*WHAT YOU HAVE TO DO*
Given the listing that follows, report all lines in which the string "proof" occurs.

↓↓↓

lemma no_torus_critical_point_if_independent_support:
  fixes c :: "real^'n \<Rightarrow> complex"
  assumes "finite (support c)" "independent (support c)" "support c \<noteq> {}"
    and "\<forall>m\<in>support c. lattice_point m"
  shows "\<not> torus_critical_point (laurent_eval c) x"
proof
  assume crit: "torus_critical_point (laurent_eval c) x"
  obtain m where m: "m \<in> support c" using assms(3) by auto
  have "c m * monomial x m = 0"
    using independent_complex_combination_eq_0[OF assms(1,2) _ m, of "\<lambda>m. c m * monomial x m"]
      torus_critical_point_imp_exponent_sum_eq_0[OF crit assms(4)]
    by blast
  moreover have "monomial x m \<noteq> 0"
    using crit monomial_nonzero unfolding torus_critical_point_def by blast
  ultimately show False using m unfolding support_def by simp
qed

lemma zero_in_interior_polar_dual:
  fixes S :: "(real^'n) set"
  assumes "bounded S"
  shows "0 \<in> interior (polar_dual S)"
proof -
  obtain R where R: "R > 0" "\<forall>m\<in>S. norm m \<le> R" using assms bounded_pos by blast
  have "ball 0 (1/R) \<subseteq> polar_dual S"
  proof
    fix u :: "real^'n" assume "u \<in> ball 0 (1/R)"
    then have u: "norm u < 1/R" by simp
    show "u \<in> polar_dual S" unfolding polar_dual_def
    proof (clarify)
      fix m assume m: "m \<in> S"
      have "\<bar>inner u m\<bar> \<le> norm u * norm m" by (rule Cauchy_Schwarz_ineq2)
      also have "\<dots> \<le> (1/R) * R" using u R m by (intro mult_mono) auto
      also have "\<dots> = 1" using R by simp
      finally show "inner u m \<ge> -1" by simp
    qed
  qed
  moreover have "0 \<in> ball 0 (1/R)" using R by simp
  ultimately show ?thesis by (meson interior_maximal open_ball subsetD)
qed

lemma lattice_polytope_vertices:
  assumes "lattice_polytope P"
  shows "finite (polytope_vertices P)" "\<forall>v\<in>polytope_vertices P. lattice_point v"
    and "P = convex hull (polytope_vertices P)"
proof -
  obtain S where S: "finite S" "\<forall>m\<in>S. lattice_point m" "P = convex hull S"
    using assms unfolding lattice_polytope_def by blast
  have "polytope_vertices P \<subseteq> S"
    unfolding polytope_vertices_def using S(3) by (auto intro: extreme_point_of_convex_hull)
  then show "finite (polytope_vertices P)" "\<forall>v\<in>polytope_vertices P. lattice_point v"
    using S finite_subset by blast+
  have "compact P" "convex P" using S by (auto simp: finite_imp_compact_convex_hull)
  then show "P = convex hull (polytope_vertices P)"
    unfolding polytope_vertices_def by (rule Krein_Milman_Minkowski)
qed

↑↑↑

*TASK RESPONSE*
proof
proof -
  proof
    proof (clarify)
proof -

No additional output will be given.